**Task item:**
Each of the entries beneath this task should be written out exactly.

=== Recorded information ===

(* Let $n\ge 3$ and let $\mathbb{F}$ be a field of characteristic $0$ or of odd prime characteristic $p$. In the group algebra $\mathbb{F}D_{2n}$: (i) the set $\{a^i-a^{-i},\ (a^i-a^{-i})b \mid i=1,2,\dots,\lfloor\frac{n-1}{2}\rfloor\}$ is an $\mathbb{F}$-basis of $\bar{C}(b)$; (ii) the set $\{a^i-a^{-i},\ a(a^i-a^{-i})b \mid i=1,2,\dots,\lfloor\frac{n-1}{2}\rfloor\}$ is an $\mathbb{F}$-basis of $\bar{C}(ab)$.
   Context: $D_{2n}=\langle a,b\mid a^n=1,\ b^2=1,\ (ab)^2=1\rangle$ is the dihedral group of order $2n$, whose elements are $a^ib^j$ with $0\le i\le n-1$, $0\le j\le 1$. $\mathbb{F}D_{2n}$ is its group algebra over $\mathbb{F}$. For $\beta\in\mathbb{F}D_{2n}$, the anti-centralizer of $\beta$ is $\bar{C}(\beta)=\{\alpha\in\mathbb{F}D_{2n}\mid \alpha\beta=-\beta\alpha\}$, an $\mathbb{F}$-subspace. $\lfloor x\rfloor$ denotes the floor of $x$. *)

theory Defs
  imports Main "HOL.Vector_Spaces" "HOL-Library.Function_Algebras" "HOL-Computational_Algebra.Primes"
begin

text \<open>Dihedral group D_{2n}: the element a^i b^j (0 <= i < n, 0 <= j < 2) is encoded
  as the pair (i, j).  Relations a^n = 1, b^2 = 1, (ab)^2 = 1 give b a^k = a^(-k) b, hence
  (a^i b^j)(a^k b^l) = a^(i + (-1)^j k) b^(j+l).\<close>

definition dih :: "nat \<Rightarrow> (nat \<times> nat) set" where
  "dih n = {0..<n} \<times> {0..<2}"

definition dmul :: "nat \<Rightarrow> nat \<times> nat \<Rightarrow> nat \<times> nat \<Rightarrow> nat \<times> nat" where
  "dmul n g h = (case g of (i, j) \<Rightarrow> case h of (k, l) \<Rightarrow>
      ((if j = 0 then i + k else i + (n - k)) mod n, (j + l) mod 2))"

definition galg :: "nat \<Rightarrow> (nat \<times> nat \<Rightarrow> 'a::field) set" where
  "galg n = {\<alpha>. \<forall>g. g \<notin> dih n \<longrightarrow> \<alpha> g = 0}"

definition gscale :: "'a::field \<Rightarrow> (nat \<times> nat \<Rightarrow> 'a) \<Rightarrow> (nat \<times> nat \<Rightarrow> 'a)" where
  "gscale c \<alpha> = (\<lambda>g. c * \<alpha> g)"

definition gmul :: "nat \<Rightarrow> (nat \<times> nat \<Rightarrow> 'a::field) \<Rightarrow> (nat \<times> nat \<Rightarrow> 'a) \<Rightarrow> (nat \<times> nat \<Rightarrow> 'a)" where
  "gmul n \<alpha> \<beta> = (\<lambda>g. \<Sum>(h, k) \<in> {(h, k). h \<in> dih n \<and> k \<in> dih n \<and> dmul n h k = g}. \<alpha> h * \<beta> k)"

definition gel :: "nat \<times> nat \<Rightarrow> nat \<times> nat \<Rightarrow> 'a::field" where
  "gel g = (\<lambda>h. if h = g then 1 else 0)"

definition ael :: "nat \<Rightarrow> int \<Rightarrow> nat \<times> nat \<Rightarrow> 'a::field" where
  "ael n i = gel (nat (i mod int n), 0)"

definition bel :: "nat \<times> nat \<Rightarrow> 'a::field" where
  "bel = gel (0, 1)"

definition anticent :: "nat \<Rightarrow> (nat \<times> nat \<Rightarrow> 'a::field) \<Rightarrow> (nat \<times> nat \<Rightarrow> 'a) set" where
  "anticent n \<beta> = {\<alpha> \<in> galg n. gmul n \<alpha> \<beta> = - gmul n \<beta> \<alpha>}"

definition is_basis_of :: "(nat \<times> nat \<Rightarrow> 'a::field) set \<Rightarrow> (nat \<times> nat \<Rightarrow> 'a) set \<Rightarrow> bool" where
  "is_basis_of W S \<longleftrightarrow> S \<subseteq> W \<and> \<not> module.dependent gscale S \<and> module.span gscale S = W"

end

theory Submission
  imports Defs
begin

===

**Result of the exercise:**
(* Let $n\ge 3$ and let $\mathbb{F}$ be a field of characteristic $0$ or of odd prime characteristic $p$. In the group algebra $\mathbb{F}D_{2n}$: (i) the set $\{a^i-a^{-i},\ (a^i-a^{-i})b \mid i=1,2,\dots,\lfloor\frac{n-1}{2}\rfloor\}$ is an $\mathbb{F}$-basis of $\bar{C}(b)$; (ii) the set $\{a^i-a^{-i},\ a(a^i-a^{-i})b \mid i=1,2,\dots,\lfloor\frac{n-1}{2}\rfloor\}$ is an $\mathbb{F}$-basis of $\bar{C}(ab)$.
   Context: $D_{2n}=\langle a,b\mid a^n=1,\ b^2=1,\ (ab)^2=1\rangle$ is the dihedral group of order $2n$, whose elements are $a^ib^j$ with $0\le i\le n-1$, $0\le j\le 1$. $\mathbb{F}D_{2n}$ is its group algebra over $\mathbb{F}$. For $\beta\in\mathbb{F}D_{2n}$, the anti-centralizer of $\beta$ is $\bar{C}(\beta)=\{\alpha\in\mathbb{F}D_{2n}\mid \alpha\beta=-\beta\alpha\}$, an $\mathbb{F}$-subspace. $\lfloor x\rfloor$ denotes the floor of $x$. *)

theory Defs
  imports Main "HOL.Vector_Spaces" "HOL-Library.Function_Algebras" "HOL-Computational_Algebra.Primes"
begin

text \<open>Dihedral group D_{2n}: the element a^i b^j (0 <= i < n, 0 <= j < 2) is encoded
  as the pair (i, j).  Relations a^n = 1, b^2 = 1, (ab)^2 = 1 give b a^k = a^(-k) b, hence
  (a^i b^j)(a^k b^l) = a^(i + (-1)^j k) b^(j+l).\<close>

definition dih :: "nat \<Rightarrow> (nat \<times> nat) set" where
  "dih n = {0..<n} \<times> {0..<2}"

definition dmul :: "nat \<Rightarrow> nat \<times> nat \<Rightarrow> nat \<times> nat \<Rightarrow> nat \<times> nat" where
  "dmul n g h = (case g of (i, j) \<Rightarrow> case h of (k, l) \<Rightarrow>
      ((if j = 0 then i + k else i + (n - k)) mod n, (j + l) mod 2))"

definition galg :: "nat \<Rightarrow> (nat \<times> nat \<Rightarrow> 'a::field) set" where
  "galg n = {\<alpha>. \<forall>g. g \<notin> dih n \<longrightarrow> \<alpha> g = 0}"

definition gscale :: "'a::field \<Rightarrow> (nat \<times> nat \<Rightarrow> 'a) \<Rightarrow> (nat \<times> nat \<Rightarrow> 'a)" where
  "gscale c \<alpha> = (\<lambda>g. c * \<alpha> g)"

definition gmul :: "nat \<Rightarrow> (nat \<times> nat \<Rightarrow> 'a::field) \<Rightarrow> (nat \<times> nat \<Rightarrow> 'a) \<Rightarrow> (nat \<times> nat \<Rightarrow> 'a)" where
  "gmul n \<alpha> \<beta> = (\<lambda>g. \<Sum>(h, k) \<in> {(h, k). h \<in> dih n \<and> k \<in> dih n \<and> dmul n h k = g}. \<alpha> h * \<beta> k)"

definition gel :: "nat \<times> nat \<Rightarrow> nat \<times> nat \<Rightarrow> 'a::field" where
  "gel g = (\<lambda>h. if h = g then 1 else 0)"

definition ael :: "nat \<Rightarrow> int \<Rightarrow> nat \<times> nat \<Rightarrow> 'a::field" where
  "ael n i = gel (nat (i mod int n), 0)"

definition bel :: "nat \<times> nat \<Rightarrow> 'a::field" where
  "bel = gel (0, 1)"

definition anticent :: "nat \<Rightarrow> (nat \<times> nat \<Rightarrow> 'a::field) \<Rightarrow> (nat \<times> nat \<Rightarrow> 'a) set" where
  "anticent n \<beta> = {\<alpha> \<in> galg n. gmul n \<alpha> \<beta> = - gmul n \<beta> \<alpha>}"

definition is_basis_of :: "(nat \<times> nat \<Rightarrow> 'a::field) set \<Rightarrow> (nat \<times> nat \<Rightarrow> 'a) set \<Rightarrow> bool" where
  "is_basis_of W S \<longleftrightarrow> S \<subseteq> W \<and> \<not> module.dependent gscale S \<and> module.span gscale S = W"

end

theory Submission
  imports Defs
begin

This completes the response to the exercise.